● The data
lemma beta_covW_beta_le: "(\<Sum>j<q. \<Sum>k<q. beta Q j * beta Q k * covW Q j k) \<le> tau2 Q q * sqrt (frobA2 Q q)"
proof -
  define a where "a = (\<lambda>(j, k). beta Q j * beta Q k)"
  define b where "b = (\<lambda>(j, k). Amat Q j k)"
  have tau2_sq: "(\<Sum>j<q. \<Sum>k<q. (beta Q j)\<^sup>2 * (beta Q k)\<^sup>2) = (tau2 Q q)\<^sup>2"
    by (simp add: tau2_def power2_eq_square sum_product)
  have "(\<Sum>j<q. \<Sum>k<q. beta Q j * beta Q k * covW Q j k)
      = (\<Sum>j<q. \<Sum>k<q. beta Q j * beta Q k * Amat Q j k) - (\<Sum>j<q. \<Sum>k<q. (beta Q j)\<^sup>2 * (beta Q k)\<^sup>2)"
    by (simp add: covW_def algebra_simps sum_subtractf power2_eq_square)
  also have "\<dots> = (\<Sum>x\<in>{..<q}\<times>{..<q}. a x * b x) - (tau2 Q q)\<^sup>2"
    unfolding tau2_sq by (simp add: a_def b_def sum.cartesian_product split_beta)
  finally have quad: "(\<Sum>j<q. \<Sum>k<q. beta Q j * beta Q k * covW Q j k)
      = (\<Sum>x\<in>{..<q}\<times>{..<q}. a x * b x) - (tau2 Q q)\<^sup>2" .
  have "(\<Sum>x\<in>{..<q}\<times>{..<q}. (a x)\<^sup>2) = (tau2 Q q)\<^sup>2"
    unfolding tau2_sq[symmetric] by (simp add: a_def sum.cartesian_product split_beta power_mult_distrib)
  moreover have "(\<Sum>x\<in>{..<q}\<times>{..<q}. (b x)\<^sup>2) = frobA2 Q q"
    by (simp add: b_def frobA2_def sum.cartesian_product split_beta)
  ultimately have "(\<Sum>x\<in>{..<q}\<times>{..<q}. a x * b x)\<^sup>2 \<le> (tau2 Q q)\<^sup>2 * frobA2 Q q"
    using Cauchy_Schwarz_ineq_sum[of a b "{..<q}\<times>{..<q}"] by simp
  then have "(\<Sum>x\<in>{..<q}\<times>{..<q}. a x * b x) \<le> tau2 Q q * sqrt (frobA2 Q q)"
    using real_le_rsqrt tau2_nonneg by (fastforce simp: real_sqrt_mult)
  then show ?thesis
    unfolding quad by (smt (verit) zero_le_power2)
qed

locale regression_population = prob_space P for P :: "obs measure" +
  fixes q :: nat
  assumes sets_P_obs: "sets P = sets (obsS q)"
    and integrable_Y_sq: "integrable P (\<lambda>z. (snd z)\<^sup>2)"
    and integrable_A: "\<And>j k. j < q \<Longrightarrow> k < q \<Longrightarrow> integrable P (\<lambda>z. fst z j * fst z k * (snd z)\<^sup>2)"
    and integrable_mu4: "integrable P (\<lambda>z. (snd z - alpha P) ^ 4)"
begin

lemma borel_measurable_P_obs: "f \<in> borel_measurable (obsS q) \<Longrightarrow> f \<in> borel_measurable P"
  by (simp only: measurable_cong_sets[OF sets_P_obs refl])

lemma integrable_of_square:
  fixes f :: "obs \<Rightarrow> real"
  assumes "f \<in> borel_measurable (obsS q)" "integrable P (\<lambda>z. (f z)\<^sup>2)"
  shows "integrable P f"
  using square_integrable_imp_integrable[OF borel_measurable_P_obs[OF assms(1)] assms(2)] .

lemma integrable_snd: "integrable P snd"
  by (rule integrable_of_square[OF measurable_obsS_snd integrable_Y_sq])

lemma integrable_ydev_sq: "integrable P (\<lambda>z. (ydev P z)\<^sup>2)"
  using integrable_snd integrable_Y_sq by (simp add: ydev_def power2_diff)

lemma integral_ydev: "(\<integral>z. ydev P z \<partial>P) = 0"
  using integrable_snd by (simp add: ydev_def alpha_def prob_space)

lemma integral_ydev_sq: "(\<integral>z. (ydev P z)\<^sup>2 \<partial>P) = sigmaY2 P"
  by (simp add: ydev_def sigmaY2_def)

lemma integrable_ydev_pow4: "integrable P (\<lambda>z. (ydev P z) ^ 4)"
  using integrable_mu4 by (simp add: ydev_def)

lemma integral_ydev_pow4: "(\<integral>z. (ydev P z) ^ 4 \<partial>P) = mu4 P"
  by (simp add: ydev_def mu4_def)

lemma sigmaY2_le_mu4: "sigmaY2 P \<le> (1 + mu4 P) / 2"
proof -
  have "(\<integral>z. (ydev P z)\<^sup>2 \<partial>P) \<le> (\<integral>z. (1 + (ydev P z) ^ 4) / 2 \<partial>P)"
  proof (rule integral_mono)
    show "integrable P (\<lambda>z. (1 + (ydev P z) ^ 4) / 2)"
      using integrable_ydev_pow4 by simp
    show "(ydev P z)\<^sup>2 \<le> (1 + (ydev P z) ^ 4) / 2" for z
      using sum_squares_bound[of 1 "(ydev P z)\<^sup>2"] by (simp add: power4_eq_xxxx power2_eq_square)
  qed (rule integrable_ydev_sq)
  then show ?thesis
    using integrable_ydev_pow4 by (simp add: integral_ydev_sq integral_ydev_pow4 prob_space)
qed

lemma var_proj_sq: "(var_proj P z)\<^sup>2 = (ydev P z) ^ 4 - 2 * sigmaY2 P * (ydev P z)\<^sup>2 + (sigmaY2 P)\<^sup>2"
  by (simp add: var_proj_def power2_eq_square power4_eq_xxxx algebra_simps)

● Work order
Output the complete data verbatim.

● Response for this exercise
lemma beta_covW_beta_le: "(\<Sum>j<q. \<Sum>k<q. beta Q j * beta Q k * covW Q j k) \<le> tau2 Q q * sqrt (frobA2 Q q)"
proof -
  define a where "a = (\<lambda>(j, k). beta Q j * beta Q k)"
  define b where "b = (\<lambda>(j, k). Amat Q j k)"
  have tau2_sq: "(\<Sum>j<q. \<Sum>k<q. (beta Q j)\<^sup>2 * (beta Q k)\<^sup>2) = (tau2 Q q)\<^sup>2"
    by (simp add: tau2_def power2_eq_square sum_product)
  have "(\<Sum>j<q. \<Sum>k<q. beta Q j * beta Q k * covW Q j k)
      = (\<Sum>j<q. \<Sum>k<q. beta Q j * beta Q k * Amat Q j k) - (\<Sum>j<q. \<Sum>k<q. (beta Q j)\<^sup>2 * (beta Q k)\<^sup>2)"
    by (simp add: covW_def algebra_simps sum_subtractf power2_eq_square)
  also have "\<dots> = (\<Sum>x\<in>{..<q}\<times>{..<q}. a x * b x) - (tau2 Q q)\<^sup>2"
    unfolding tau2_sq by (simp add: a_def b_def sum.cartesian_product split_beta)
  finally have quad: "(\<Sum>j<q. \<Sum>k<q. beta Q j * beta Q k * covW Q j k)
      = (\<Sum>x\<in>{..<q}\<times>{..<q}. a x * b x) - (tau2 Q q)\<^sup>2" .
  have "(\<Sum>x\<in>{..<q}\<times>{..<q}. (a x)\<^sup>2) = (tau2 Q q)\<^sup>2"
    unfolding tau2_sq[symmetric] by (simp add: a_def sum.cartesian_product split_beta power_mult_distrib)
  moreover have "(\<Sum>x\<in>{..<q}\<times>{..<q}. (b x)\<^sup>2) = frobA2 Q q"
    by (simp add: b_def frobA2_def sum.cartesian_product split_beta)
  ultimately have "(\<Sum>x\<in>{..<q}\<times>{..<q}. a x * b x)\<^sup>2 \<le> (tau2 Q q)\<^sup>2 * frobA2 Q q"
    using Cauchy_Schwarz_ineq_sum[of a b "{..<q}\<times>{..<q}"] by simp
  then have "(\<Sum>x\<in>{..<q}\<times>{..<q}. a x * b x) \<le> tau2 Q q * sqrt (frobA2 Q q)"
    using real_le_rsqrt tau2_nonneg by (fastforce simp: real_sqrt_mult)
  then show ?thesis
    unfolding quad by (smt (verit) zero_le_power2)
qed

locale regression_population = prob_space P for P :: "obs measure" +
  fixes q :: nat
  assumes sets_P_obs: "sets P = sets (obsS q)"
    and integrable_Y_sq: "integrable P (\<lambda>z. (snd z)\<^sup>2)"
    and integrable_A: "\<And>j k. j < q \<Longrightarrow> k < q \<Longrightarrow> integrable P (\<lambda>z. fst z j * fst z k * (snd z)\<^sup>2)"
    and integrable_mu4: "integrable P (\<lambda>z. (snd z - alpha P) ^ 4)"
begin

lemma borel_measurable_P_obs: "f \<in> borel_measurable (obsS q) \<Longrightarrow> f \<in> borel_measurable P"
  by (simp only: measurable_cong_sets[OF sets_P_obs refl])

lemma integrable_of_square:
  fixes f :: "obs \<Rightarrow> real"
  assumes "f \<in> borel_measurable (obsS q)" "integrable P (\<lambda>z. (f z)\<^sup>2)"
  shows "integrable P f"
  using square_integrable_imp_integrable[OF borel_measurable_P_obs[OF assms(1)] assms(2)] .

lemma integrable_snd: "integrable P snd"
  by (rule integrable_of_square[OF measurable_obsS_snd integrable_Y_sq])

lemma integrable_ydev_sq: "integrable P (\<lambda>z. (ydev P z)\<^sup>2)"
  using integrable_snd integrable_Y_sq by (simp add: ydev_def power2_diff)

lemma integral_ydev: "(\<integral>z. ydev P z \<partial>P) = 0"
  using integrable_snd by (simp add: ydev_def alpha_def prob_space)

lemma integral_ydev_sq: "(\<integral>z. (ydev P z)\<^sup>2 \<partial>P) = sigmaY2 P"
  by (simp add: ydev_def sigmaY2_def)

lemma integrable_ydev_pow4: "integrable P (\<lambda>z. (ydev P z) ^ 4)"
  using integrable_mu4 by (simp add: ydev_def)

lemma integral_ydev_pow4: "(\<integral>z. (ydev P z) ^ 4 \<partial>P) = mu4 P"
  by (simp add: ydev_def mu4_def)

lemma sigmaY2_le_mu4: "sigmaY2 P \<le> (1 + mu4 P) / 2"
proof -
  have "(\<integral>z. (ydev P z)\<^sup>2 \<partial>P) \<le> (\<integral>z. (1 + (ydev P z) ^ 4) / 2 \<partial>P)"
  proof (rule integral_mono)
    show "integrable P (\<lambda>z. (1 + (ydev P z) ^ 4) / 2)"
      using integrable_ydev_pow4 by simp
    show "(ydev P z)\<^sup>2 \<le> (1 + (ydev P z) ^ 4) / 2" for z
      using sum_squares_bound[of 1 "(ydev P z)\<^sup>2"] by (simp add: power4_eq_xxxx power2_eq_square)
  qed (rule integrable_ydev_sq)
  then show ?thesis
    using integrable_ydev_pow4 by (simp add: integral_ydev_sq integral_ydev_pow4 prob_space)
qed

lemma var_proj_sq: "(var_proj P z)\<^sup>2 = (ydev P z) ^ 4 - 2 * sigmaY2 P * (ydev P z)\<^sup>2 + (sigmaY2 P)\<^sup>2"
  by (simp add: var_proj_def power2_eq_square power4_eq_xxxx algebra_simps)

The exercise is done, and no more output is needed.